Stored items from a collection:
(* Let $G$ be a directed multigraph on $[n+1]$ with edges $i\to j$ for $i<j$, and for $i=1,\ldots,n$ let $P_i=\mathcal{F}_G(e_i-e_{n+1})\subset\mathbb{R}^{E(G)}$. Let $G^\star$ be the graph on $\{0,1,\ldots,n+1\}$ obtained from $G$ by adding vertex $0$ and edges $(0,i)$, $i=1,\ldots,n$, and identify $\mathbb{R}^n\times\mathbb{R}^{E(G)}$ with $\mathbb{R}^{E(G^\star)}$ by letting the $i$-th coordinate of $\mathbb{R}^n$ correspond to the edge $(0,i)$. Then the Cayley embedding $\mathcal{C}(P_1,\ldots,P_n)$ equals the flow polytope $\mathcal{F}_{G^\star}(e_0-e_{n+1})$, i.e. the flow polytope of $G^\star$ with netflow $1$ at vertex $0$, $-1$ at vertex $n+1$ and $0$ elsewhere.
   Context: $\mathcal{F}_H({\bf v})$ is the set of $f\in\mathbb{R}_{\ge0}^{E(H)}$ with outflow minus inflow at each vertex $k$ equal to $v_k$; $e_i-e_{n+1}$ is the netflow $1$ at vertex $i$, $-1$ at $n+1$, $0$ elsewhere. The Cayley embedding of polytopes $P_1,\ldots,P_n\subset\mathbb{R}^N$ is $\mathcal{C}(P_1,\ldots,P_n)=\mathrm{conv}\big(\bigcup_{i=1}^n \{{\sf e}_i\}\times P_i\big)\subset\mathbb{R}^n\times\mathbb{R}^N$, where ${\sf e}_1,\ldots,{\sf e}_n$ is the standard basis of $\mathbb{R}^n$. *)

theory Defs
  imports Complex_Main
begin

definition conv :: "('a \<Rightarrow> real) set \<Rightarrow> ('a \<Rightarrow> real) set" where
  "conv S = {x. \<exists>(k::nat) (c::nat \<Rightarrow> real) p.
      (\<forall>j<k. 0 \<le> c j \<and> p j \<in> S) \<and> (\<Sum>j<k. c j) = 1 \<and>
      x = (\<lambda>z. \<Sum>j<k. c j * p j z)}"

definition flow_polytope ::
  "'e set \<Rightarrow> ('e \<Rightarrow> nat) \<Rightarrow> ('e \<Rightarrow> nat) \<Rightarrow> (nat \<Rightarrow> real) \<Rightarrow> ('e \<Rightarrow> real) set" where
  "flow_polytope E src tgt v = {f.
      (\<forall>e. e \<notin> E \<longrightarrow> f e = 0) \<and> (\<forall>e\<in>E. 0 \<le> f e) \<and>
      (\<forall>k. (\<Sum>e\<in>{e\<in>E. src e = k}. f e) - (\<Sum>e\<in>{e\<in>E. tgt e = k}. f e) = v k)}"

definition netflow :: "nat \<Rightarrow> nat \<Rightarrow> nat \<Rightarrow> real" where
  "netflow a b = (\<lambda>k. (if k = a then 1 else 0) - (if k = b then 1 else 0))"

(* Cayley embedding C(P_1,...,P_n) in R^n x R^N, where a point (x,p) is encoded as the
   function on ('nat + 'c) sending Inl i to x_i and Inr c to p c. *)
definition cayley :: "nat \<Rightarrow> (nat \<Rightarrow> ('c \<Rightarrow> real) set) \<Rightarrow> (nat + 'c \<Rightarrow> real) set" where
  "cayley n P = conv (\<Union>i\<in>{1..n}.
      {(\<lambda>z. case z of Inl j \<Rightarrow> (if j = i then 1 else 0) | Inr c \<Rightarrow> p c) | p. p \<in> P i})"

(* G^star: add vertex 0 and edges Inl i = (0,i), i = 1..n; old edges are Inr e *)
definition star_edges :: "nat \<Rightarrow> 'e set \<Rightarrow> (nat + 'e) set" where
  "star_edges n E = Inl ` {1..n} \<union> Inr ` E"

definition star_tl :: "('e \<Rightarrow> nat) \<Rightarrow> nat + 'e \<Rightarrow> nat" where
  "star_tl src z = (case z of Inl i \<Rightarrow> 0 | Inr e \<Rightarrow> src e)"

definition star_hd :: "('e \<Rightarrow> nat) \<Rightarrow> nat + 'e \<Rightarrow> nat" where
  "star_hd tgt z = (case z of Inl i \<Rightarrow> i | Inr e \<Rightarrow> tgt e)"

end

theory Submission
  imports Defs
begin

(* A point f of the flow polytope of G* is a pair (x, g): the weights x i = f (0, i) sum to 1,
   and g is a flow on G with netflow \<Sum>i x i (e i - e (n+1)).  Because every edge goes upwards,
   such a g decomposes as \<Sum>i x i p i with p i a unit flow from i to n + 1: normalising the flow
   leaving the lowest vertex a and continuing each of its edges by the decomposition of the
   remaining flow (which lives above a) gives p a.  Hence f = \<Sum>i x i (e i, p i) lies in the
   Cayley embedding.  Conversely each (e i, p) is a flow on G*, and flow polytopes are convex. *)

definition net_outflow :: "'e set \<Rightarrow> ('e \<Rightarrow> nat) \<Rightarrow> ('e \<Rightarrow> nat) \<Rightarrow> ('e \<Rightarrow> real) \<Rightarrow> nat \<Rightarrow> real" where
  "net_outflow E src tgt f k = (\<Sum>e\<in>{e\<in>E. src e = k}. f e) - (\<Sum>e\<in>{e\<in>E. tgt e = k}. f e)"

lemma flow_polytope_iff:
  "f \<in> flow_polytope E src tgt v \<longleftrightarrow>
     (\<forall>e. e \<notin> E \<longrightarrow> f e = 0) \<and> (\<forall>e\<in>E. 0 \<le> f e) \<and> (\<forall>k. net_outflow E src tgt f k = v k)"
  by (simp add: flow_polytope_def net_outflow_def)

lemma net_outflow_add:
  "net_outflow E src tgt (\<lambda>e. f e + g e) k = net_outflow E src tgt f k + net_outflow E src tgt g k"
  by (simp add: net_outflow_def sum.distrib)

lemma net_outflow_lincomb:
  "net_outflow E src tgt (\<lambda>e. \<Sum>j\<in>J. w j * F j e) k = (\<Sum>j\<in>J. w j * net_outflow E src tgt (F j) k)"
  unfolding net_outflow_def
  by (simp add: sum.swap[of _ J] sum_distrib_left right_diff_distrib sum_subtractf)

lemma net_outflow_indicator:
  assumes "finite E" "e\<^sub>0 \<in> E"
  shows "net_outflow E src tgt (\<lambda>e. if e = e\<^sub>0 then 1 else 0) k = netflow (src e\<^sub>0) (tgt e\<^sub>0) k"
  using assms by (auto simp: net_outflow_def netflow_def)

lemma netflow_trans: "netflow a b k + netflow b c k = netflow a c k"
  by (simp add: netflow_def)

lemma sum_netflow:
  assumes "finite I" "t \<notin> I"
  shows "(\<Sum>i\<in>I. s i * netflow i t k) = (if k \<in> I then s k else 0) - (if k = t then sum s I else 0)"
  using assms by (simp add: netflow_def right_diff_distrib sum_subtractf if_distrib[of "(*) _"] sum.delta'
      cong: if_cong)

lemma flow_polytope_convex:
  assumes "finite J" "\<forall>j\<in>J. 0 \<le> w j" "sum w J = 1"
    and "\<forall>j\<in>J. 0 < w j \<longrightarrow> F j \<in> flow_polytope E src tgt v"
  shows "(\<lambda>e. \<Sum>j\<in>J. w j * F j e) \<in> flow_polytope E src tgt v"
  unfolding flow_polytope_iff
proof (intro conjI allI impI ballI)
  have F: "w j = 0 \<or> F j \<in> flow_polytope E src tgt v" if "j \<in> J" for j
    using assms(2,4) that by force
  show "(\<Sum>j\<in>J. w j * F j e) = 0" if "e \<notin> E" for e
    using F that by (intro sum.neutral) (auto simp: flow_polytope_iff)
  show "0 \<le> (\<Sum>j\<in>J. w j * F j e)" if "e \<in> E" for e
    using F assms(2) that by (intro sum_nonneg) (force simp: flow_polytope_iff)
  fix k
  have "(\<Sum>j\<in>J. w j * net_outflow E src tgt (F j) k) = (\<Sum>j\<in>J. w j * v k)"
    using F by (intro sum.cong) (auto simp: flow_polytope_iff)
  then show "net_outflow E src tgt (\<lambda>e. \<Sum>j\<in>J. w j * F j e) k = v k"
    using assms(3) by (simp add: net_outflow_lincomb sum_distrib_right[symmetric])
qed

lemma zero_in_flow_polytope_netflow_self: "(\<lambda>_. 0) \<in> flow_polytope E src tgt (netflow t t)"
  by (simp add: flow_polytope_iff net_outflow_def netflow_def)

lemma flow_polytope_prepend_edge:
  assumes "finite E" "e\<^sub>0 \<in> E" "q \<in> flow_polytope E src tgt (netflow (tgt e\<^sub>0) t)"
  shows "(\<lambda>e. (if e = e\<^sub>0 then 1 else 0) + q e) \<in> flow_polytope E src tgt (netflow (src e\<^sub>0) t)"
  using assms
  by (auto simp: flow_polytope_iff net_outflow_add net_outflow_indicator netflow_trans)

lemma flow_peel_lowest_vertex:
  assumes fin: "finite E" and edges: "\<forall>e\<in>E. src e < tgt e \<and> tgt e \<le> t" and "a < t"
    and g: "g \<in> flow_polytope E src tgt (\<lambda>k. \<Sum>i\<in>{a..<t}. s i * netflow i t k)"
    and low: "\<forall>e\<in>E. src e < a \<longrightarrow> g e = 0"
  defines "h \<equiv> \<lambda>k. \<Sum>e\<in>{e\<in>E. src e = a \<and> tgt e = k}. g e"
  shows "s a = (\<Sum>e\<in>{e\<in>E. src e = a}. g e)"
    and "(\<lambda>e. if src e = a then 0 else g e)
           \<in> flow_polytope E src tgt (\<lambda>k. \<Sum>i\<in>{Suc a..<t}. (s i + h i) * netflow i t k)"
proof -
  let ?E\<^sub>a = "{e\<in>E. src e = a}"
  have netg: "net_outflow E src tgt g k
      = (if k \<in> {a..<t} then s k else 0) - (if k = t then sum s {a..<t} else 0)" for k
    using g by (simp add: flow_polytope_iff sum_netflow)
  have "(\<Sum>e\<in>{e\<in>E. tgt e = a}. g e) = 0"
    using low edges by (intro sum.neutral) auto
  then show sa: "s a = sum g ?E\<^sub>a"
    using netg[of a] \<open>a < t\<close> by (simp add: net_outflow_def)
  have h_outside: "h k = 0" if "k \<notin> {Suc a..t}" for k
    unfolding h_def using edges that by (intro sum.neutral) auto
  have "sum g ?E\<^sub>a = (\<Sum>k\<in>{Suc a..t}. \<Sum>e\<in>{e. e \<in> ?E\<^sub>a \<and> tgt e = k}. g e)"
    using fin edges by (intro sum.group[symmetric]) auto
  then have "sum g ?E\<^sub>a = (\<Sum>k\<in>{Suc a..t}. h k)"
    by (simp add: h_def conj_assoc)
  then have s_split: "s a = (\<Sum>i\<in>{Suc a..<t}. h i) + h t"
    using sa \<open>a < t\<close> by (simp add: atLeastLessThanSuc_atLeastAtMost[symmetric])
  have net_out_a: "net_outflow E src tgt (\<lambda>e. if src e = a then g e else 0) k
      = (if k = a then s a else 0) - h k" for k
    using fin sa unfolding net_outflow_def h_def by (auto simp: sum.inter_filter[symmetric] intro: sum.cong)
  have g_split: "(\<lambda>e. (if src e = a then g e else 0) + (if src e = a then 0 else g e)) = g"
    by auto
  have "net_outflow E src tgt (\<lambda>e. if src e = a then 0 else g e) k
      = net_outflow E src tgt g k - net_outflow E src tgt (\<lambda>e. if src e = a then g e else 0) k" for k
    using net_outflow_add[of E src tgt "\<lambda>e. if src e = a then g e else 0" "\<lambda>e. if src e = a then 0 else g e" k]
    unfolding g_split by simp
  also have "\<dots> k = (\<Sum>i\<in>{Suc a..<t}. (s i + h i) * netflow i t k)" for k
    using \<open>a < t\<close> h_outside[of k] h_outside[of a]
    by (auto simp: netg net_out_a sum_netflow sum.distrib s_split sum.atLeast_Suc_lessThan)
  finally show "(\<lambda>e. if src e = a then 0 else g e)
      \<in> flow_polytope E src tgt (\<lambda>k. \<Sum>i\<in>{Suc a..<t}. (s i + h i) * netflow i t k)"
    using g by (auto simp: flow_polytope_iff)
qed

**BRIEF:** Tell how many lines in the records above carry the word "shows". Only the number should appear in the reply.

**ANSWER FOR THE TASK:** 5